Twice Greg Nappi rappelled to the ends of ropes fixed to fragile ice screws twisted into the side of 7,300-foot Bellicose Peak, and with each descent his concern for his missing partner grew.
More than 150 feet above, near where he and Joe Butler had planned to rendezvous at the base of a wall of ice, Nappi had discovered scratches of ice tools on the west face of the mountain above Eklutna Glacier. He'd shouted for Butler then and gotten a response that seemed to come from far, far away.

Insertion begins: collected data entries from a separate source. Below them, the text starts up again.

definition single_peaked_at :: "real \<Rightarrow> (real \<Rightarrow> real) \<Rightarrow> real \<Rightarrow> bool" where
  "single_peaked_at m f l \<longleftrightarrow>
     (\<forall>x \<in> Vset m. \<forall>y \<in> Vset m.
        ((x \<le> y \<and> y \<le> l) \<or> (x \<ge> y \<and> y \<ge> l)) \<longrightarrow> f x \<le> f y)"

text \<open>The class P, represented by densities.\<close>
definition in_classP :: "real \<Rightarrow> (real \<Rightarrow> real) \<Rightarrow> bool" where
  "in_classP m f \<longleftrightarrow> is_density m f \<and> single_peaked_at m f (median_of m f)"

definition SPM :: "real \<Rightarrow> real \<Rightarrow> real list \<Rightarrow> bool" where
  "SPM m lam D \<longleftrightarrow> set D \<subseteq> Vset m \<and>
     (\<exists>f. in_classP m f \<and> (\<forall>x. \<bar>emp_cdf D x - cdf_of m f x\<bar> \<le> lam))"

end

theory Submission
  imports Defs
begin

(* Since FAIR D l = |l - T| for the median T, the claim is that DPExpMed puts mass at least
   1 - beta within distance B = 1600 (m / (n eps) ln (n lambda / beta) + m lambda) of T.
   KS-closeness to a single-peaked P makes the CDF of P grow at rate at least 1/(4m) between
   its quartiles, so the percentile loss grows linearly away from the median,
   q(D, a) >= n |a - T| / (8m) - 2 n lambda, and widening by alpha m shifts this by alpha m.
   Outside the band of radius B the weight therefore decays like exp (- n eps |l - T| / (64 m)),
   while it equals 1 on an interval of length alpha m = m / (n eps) next to T; comparing the
   tail with the total mass gives the claim.  Since lambda >= 1/(2n), the logarithm
   ln (n lambda / beta) is at least ln (1 / (2 beta)).  For lambda >= 1/1600 the band already
   covers V. *)

lemma xi_mono:
  assumes "1 \<le> i" "i \<le> j" "j \<le> length D"
  shows "xi D i \<le> xi D j"
  unfolding xi_def using assms by (intro sorted_nth_mono) auto

lemma xi_in_set:
  assumes "1 \<le> i" "i \<le> length D"
  shows "xi D i \<in> set D"
  using assms nth_mem[of "i - 1" "sort D"] by (simp add: xi_def)

definition count_le :: "real list \<Rightarrow> real \<Rightarrow> nat" where
  "count_le D x = card {i \<in> {1..length D}. xi D i \<le> x}"

lemma length_filter_le_eq_count_le:
  "length (filter (\<lambda>y. y \<le> x) D) = count_le D x"
proof -
  have "length (filter (\<lambda>y. y \<le> x) D) = length (filter (\<lambda>y. y \<le> x) (sort D))"
    by (metis mset_filter mset_sort size_mset)
  also have "\<dots> = card {i. i < length D \<and> sort D ! i \<le> x}"
    by (simp add: length_filter_conv_card)
  also have "\<dots> = card (Suc ` {i. i < length D \<and> sort D ! i \<le> x})"
    by (simp add: card_image)
  also have "Suc ` {i. i < length D \<and> sort D ! i \<le> x} = {i \<in> {1..length D}. xi D i \<le> x}"
  proof (intro set_eqI iffI)
    fix i assume "i \<in> {i \<in> {1..length D}. xi D i \<le> x}"
    then show "i \<in> Suc ` {i. i < length D \<and> sort D ! i \<le> x}"
      unfolding xi_def by (intro image_eqI[of _ _ "i - 1"]) auto
  qed (auto simp: xi_def)
  finally show ?thesis
    by (simp add: count_le_def)
qed

lemma emp_cdf_eq_count_le: "emp_cdf D x = real (count_le D x) / real (length D)"
  by (simp add: emp_cdf_def length_filter_le_eq_count_le)

lemma count_le_less:
  assumes "1 \<le> k" "k \<le> length D" "x < xi D k"
  shows "count_le D x < k"
proof -
  have "{i \<in> {1..length D}. xi D i \<le> x} \<subseteq> {1..<k}"
  proof
    fix i assume i: "i \<in> {i \<in> {1..length D}. xi D i \<le> x}"
    then have "\<not> k \<le> i"
      using assms xi_mono[of k i D] by auto
    then show "i \<in> {1..<k}" using i by auto
  qed
  then have "count_le D x \<le> card {1..<k}"
    unfolding count_le_def by (intro card_mono) auto
  then show ?thesis
    using assms(1) by simp
qed

lemma count_le_ge:
  assumes "1 \<le> k" "k \<le> length D" "xi D k \<le> x"
  shows "k \<le> count_le D x"
proof -
  have "{1..k} \<subseteq> {i \<in> {1..length D}. xi D i \<le> x}"
    using assms by (auto intro: order_trans[OF xi_mono])
  then have "card {1..k} \<le> count_le D x"
    unfolding count_le_def by (intro card_mono) auto
  then show ?thesis
    by simp
qed

lemma medidx_bounds:
  assumes "D \<noteq> []"
  shows "1 \<le> medidx (length D)" "medidx (length D) \<le> length D"
  using assms unfolding medidx_def by (auto simp: Suc_le_eq)

lemma real_medidx_odd: "odd n \<Longrightarrow> real (medidx n) = (real n + 1) / 2"
  unfolding medidx_def by (auto elim!: oddE)

lemma med_bounds:
  assumes "D \<noteq> []"
  shows "xi D 1 \<le> med D" "med D \<le> xi D (length D)"
  using assms medidx_bounds[OF assms] unfolding med_def by (auto intro: xi_mono)

lemma med_in_set: "D \<noteq> [] \<Longrightarrow> med D \<in> set D"
  unfolding med_def using medidx_bounds xi_in_set by blast

lemma pctl_loss_le_medidx:
  assumes "D \<noteq> []"
  shows "pctl_loss D a \<le> medidx (length D)"
proof -
  let ?n = "length D" and ?c = "medidx (length D)"
  let ?g = "\<lambda>i. nat \<bar>int ?c - int i\<bar>"
  have c: "1 \<le> ?c" "?c \<le> ?n" "?n \<le> 2 * ?c"
    using medidx_bounds[OF assms] by (auto simp: medidx_def)
  have "Min (?g ` {i \<in> {1..?n}. P i}) \<le> ?c" if "P j" "j \<in> {1..?n}" for P j
  proof -
    have "Min (?g ` {i \<in> {1..?n}. P i}) \<le> ?g j"
      using that by (intro Min_le) auto
    also have "\<dots> \<le> ?c"
      using that c by auto
    finally show ?thesis .
  qed
  from this[of "\<lambda>i. xi D i \<le> a \<and> a \<le> med D" 1] this[of "\<lambda>i. med D \<le> a \<and> a \<le> xi D i" ?n]
  show ?thesis
    using c unfolding pctl_loss_def Let_def by auto
qed

lemma pctl_loss_med:
  assumes "D \<noteq> []"
  shows "pctl_loss D (med D) = 0"
proof -
  let ?n = "length D" and ?c = "medidx (length D)"
  have "?c \<in> {i \<in> {1..?n}. xi D i \<le> med D \<and> med D \<le> med D}"
    using medidx_bounds[OF assms] unfolding med_def by auto
  then have "Min ((\<lambda>i. nat \<bar>int ?c - int i\<bar>) ` {i \<in> {1..?n}. xi D i \<le> med D \<and> med D \<le> med D}) = 0"
    by (intro Min_eqI) force+
  then show ?thesis
    using med_bounds[OF assms] unfolding pctl_loss_def Let_def by simp
qed

lemma pctl_loss_antimono_left:
  assumes "D \<noteq> []" "a \<le> b" "b \<le> med D"
  shows "pctl_loss D b \<le> pctl_loss D a"
proof (cases "xi D 1 \<le> a")
  case True
  let ?g = "\<lambda>i. nat \<bar>int (medidx (length D)) - int i\<bar>"
  have "1 \<in> {i \<in> {1..length D}. xi D i \<le> a \<and> a \<le> med D}"
    using True assms by (auto simp: Suc_le_eq)
  then have "Min (?g ` {i \<in> {1..length D}. xi D i \<le> b \<and> b \<le> med D})
      \<le> Min (?g ` {i \<in> {1..length D}. xi D i \<le> a \<and> a \<le> med D})"
    using assms by (intro Min_antimono) auto
  then show ?thesis
    using True assms unfolding pctl_loss_def Let_def by simp
next
  case False
  then have "pctl_loss D a = medidx (length D)"
    using assms unfolding pctl_loss_def Let_def by auto
  then show ?thesis
    using pctl_loss_le_medidx[OF assms(1)] by simp
qed

lemma pctl_loss_mono_right:
  assumes "D \<noteq> []" "med D \<le> a" "a \<le> b"
  shows "pctl_loss D a \<le> pctl_loss D b"
proof -
  let ?g = "\<lambda>i. nat \<bar>int (medidx (length D)) - int i\<bar>"
  consider "a = med D" | "xi D (length D) < b" | "med D < a" "b \<le> xi D (length D)"
    using assms by fastforce
  then show ?thesis
  proof cases
    case 1
    then show ?thesis
      using pctl_loss_med[OF assms(1)] by simp
  next
    case 2
    then have "pctl_loss D b = medidx (length D)"
      using assms med_bounds[OF assms(1)] unfolding pctl_loss_def Let_def by auto
    then show ?thesis
      using pctl_loss_le_medidx[OF assms(1)] by simp
  next
    case 3
    have "length D \<in> {i \<in> {1..length D}. med D \<le> b \<and> b \<le> xi D i}"
      using 3 assms by (auto simp: Suc_le_eq)
    then have "Min (?g ` {i \<in> {1..length D}. med D \<le> a \<and> a \<le> xi D i})
        \<le> Min (?g ` {i \<in> {1..length D}. med D \<le> b \<and> b \<le> xi D i})"
      using assms by (intro Min_antimono) auto
    then show ?thesis
      using 3 assms unfolding pctl_loss_def Let_def by simp
  qed
qed

lemma pctl_loss_ge_left:
  assumes "D \<noteq> []" "a < med D"
  shows "medidx (length D) \<le> pctl_loss D a + count_le D a"
proof (cases "xi D 1 \<le> a")
  case True
  let ?c = "medidx (length D)"
  define A where "A = {i \<in> {1..length D}. xi D i \<le> a \<and> a \<le> med D}"
  have "1 \<in> A"
    using True assms unfolding A_def by (auto simp: Suc_le_eq)
  then obtain i where i: "i \<in> A" "pctl_loss D a = nat \<bar>int ?c - int i\<bar>"
    using True assms Min_in[of "(\<lambda>i. nat \<bar>int ?c - int i\<bar>) ` A"]
    unfolding pctl_loss_def Let_def A_def by fastforce
  have "i < ?c"
    using i assms xi_mono[of ?c i D] medidx_bounds[OF assms(1)]
    unfolding A_def med_def by (force simp: not_less[symmetric])
  moreover have "i \<le> count_le D a"
    using i unfolding A_def by (intro count_le_ge) auto
  ultimately show ?thesis
    using i by linarith
next
  case False
  then show ?thesis
    using assms unfolding pctl_loss_def Let_def by auto
qed

lemma pctl_loss_ge_right:
  assumes "D \<noteq> []" "odd (length D)" "a' < a" "med D < a"
  shows "count_le D a' < pctl_loss D a + medidx (length D)"
proof (cases "a \<le> xi D (length D)")
  case True
  let ?c = "medidx (length D)"
  define A where "A = {i \<in> {1..length D}. med D \<le> a \<and> a \<le> xi D i}"
  have "length D \<in> A"
    using True assms unfolding A_def by (auto simp: Suc_le_eq)
  then obtain i where i: "i \<in> A" "pctl_loss D a = nat \<bar>int ?c - int i\<bar>"
    using True assms Min_in[of "(\<lambda>i. nat \<bar>int ?c - int i\<bar>) ` A"]
    unfolding pctl_loss_def Let_def A_def by fastforce
  have "?c < i"
    using i assms xi_mono[of i ?c D] medidx_bounds[OF assms(1)]
    unfolding A_def med_def by (force simp: not_less[symmetric])
  moreover have "count_le D a' < i"
    using i assms(3) unfolding A_def by (intro count_le_less) auto
  ultimately show ?thesis
    using i by linarith
next
  case False
  then have "pctl_loss D a = medidx (length D)"
    using assms unfolding pctl_loss_def Let_def by auto
  moreover have "count_le D a' \<le> card {1..length D}"
    unfolding count_le_def by (intro card_mono) auto
  ultimately show ?thesis
    using assms(2) unfolding medidx_def by (auto elim!: oddE)
qed

definition window :: "real \<Rightarrow> real \<Rightarrow> real \<Rightarrow> real set" where
  "window m \<alpha> l = {a \<in> Vset m. \<bar>a - l\<bar> \<le> \<alpha> * m}"

lemma widened_loss_window: "widened_loss m \<alpha> D l = Min (pctl_loss D ` window m \<alpha> l)"
  unfolding widened_loss_def window_def ..

lemma finite_pctl_loss_image:
  assumes "D \<noteq> []"
  shows "finite (pctl_loss D ` S)"
  by (rule finite_subset[of _ "{..medidx (length D)}"]) (use pctl_loss_le_medidx[OF assms] in auto)

lemma widened_loss_le:
  assumes "D \<noteq> []" "a \<in> window m \<alpha> l"
  shows "widened_loss m \<alpha> D l \<le> pctl_loss D a"
  unfolding widened_loss_window using assms by (intro Min_le finite_pctl_loss_image) auto

lemma widened_loss_attained:
  assumes "D \<noteq> []" "l \<in> Vset m" "0 \<le> \<alpha>"
  obtains a where "a \<in> window m \<alpha> l" "widened_loss m \<alpha> D l = pctl_loss D a"
proof -
  have "0 \<le> m"
    using assms(2) by (simp add: Vset_def)
  then have "l \<in> window m \<alpha> l"
    using assms unfolding window_def by auto
  then have "widened_loss m \<alpha> D l \<in> pctl_loss D ` window m \<alpha> l"
    unfolding widened_loss_window by (intro Min_in finite_pctl_loss_image assms(1)) auto
  then show ?thesis
    using that by blast
qed

lemma widened_loss_eq_0:
  assumes "D \<noteq> []" "med D \<in> Vset m" "\<bar>l - med D\<bar> \<le> \<alpha> * m"
  shows "widened_loss m \<alpha> D l = 0"
  using widened_loss_le[OF assms(1), of "med D"] pctl_loss_med[OF assms(1)] assms
  unfolding window_def by (simp add: abs_minus_commute)

lemma widened_loss_antimono_left:
  assumes "D \<noteq> []" "0 \<le> \<alpha>" "l1 \<in> Vset m" "l2 \<in> Vset m" "l1 \<le> l2" "l2 \<le> med D"
  shows "widened_loss m \<alpha> D l2 \<le> widened_loss m \<alpha> D l1"
proof -
  obtain a where a: "a \<in> window m \<alpha> l1" "widened_loss m \<alpha> D l1 = pctl_loss D a"
    using widened_loss_attained[OF assms(1,3,2)] .
  show ?thesis
  proof (cases "l2 - \<alpha> * m \<le> a")
    case True
    then have "a \<in> window m \<alpha> l2"
      using a assms unfolding window_def by auto
    from widened_loss_le[OF assms(1) this] show ?thesis
      using a by simp
  next
    case False
    have "0 \<le> \<alpha> * m"
      using assms(2,3) by (simp add: Vset_def)
    then have "l2 - \<alpha> * m \<in> window m \<alpha> l2"
      using a assms False unfolding window_def Vset_def by auto
    then have "widened_loss m \<alpha> D l2 \<le> pctl_loss D (l2 - \<alpha> * m)"
      by (rule widened_loss_le[OF assms(1)])
    also have "\<dots> \<le> pctl_loss D a"
      using False assms \<open>0 \<le> \<alpha> * m\<close> by (intro pctl_loss_antimono_left) auto
    finally show ?thesis
      using a by simp
  qed
qed

lemma widened_loss_mono_right:
  assumes "D \<noteq> []" "0 \<le> \<alpha>" "l1 \<in> Vset m" "l2 \<in> Vset m" "l1 \<le> l2" "med D \<le> l1"
  shows "widened_loss m \<alpha> D l1 \<le> widened_loss m \<alpha> D l2"
proof -
  obtain a where a: "a \<in> window m \<alpha> l2" "widened_loss m \<alpha> D l2 = pctl_loss D a"
    using widened_loss_attained[OF assms(1,4,2)] .
  show ?thesis
  proof (cases "a \<le> l1 + \<alpha> * m")
    case True
    then have "a \<in> window m \<alpha> l1"
      using a assms unfolding window_def by auto
    from widened_loss_le[OF assms(1) this] show ?thesis
      using a by simp
  next
    case False
    have "0 \<le> \<alpha> * m"
      using assms(2,3) by (simp add: Vset_def)
    then have "l1 + \<alpha> * m \<in> window m \<alpha> l1"
      using a assms False unfolding window_def Vset_def by auto
    then have "widened_loss m \<alpha> D l1 \<le> pctl_loss D (l1 + \<alpha> * m)"
      by (rule widened_loss_le[OF assms(1)])
    also have "\<dots> \<le> pctl_loss D a"
      using False assms \<open>0 \<le> \<alpha> * m\<close> by (intro pctl_loss_mono_right) auto
    finally show ?thesis
      using a by simp
  qed
qed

Nappi knew immediately something was wrong. He didn't know how wrong until he started down off the jumble of rock, ice and snow that rises out of the northwest corner of the Chugach Range.
Almost 200 feet below the tool scratches, Nappi found his second sign of Butler:
An impact crater.
Stuck upright in the snow to either side were Butler's climbing tools, ripped from his hands as his body bounced and hurtled toward a snow-filled couloir.
How much farther Butler had fallen, Nappi could not tell. The 25-year-old climber looked down the couloir and saw nothing but hundreds of feet of snow.
SEPARATE ROUTES
Like many young men, Greg Nappi and Joe Butler gravitated to Alaska in search of adventure. America's last great wilderness still holds the challenges to body and mind that have drawn adventurers west into the wilds of the continent for 200 years.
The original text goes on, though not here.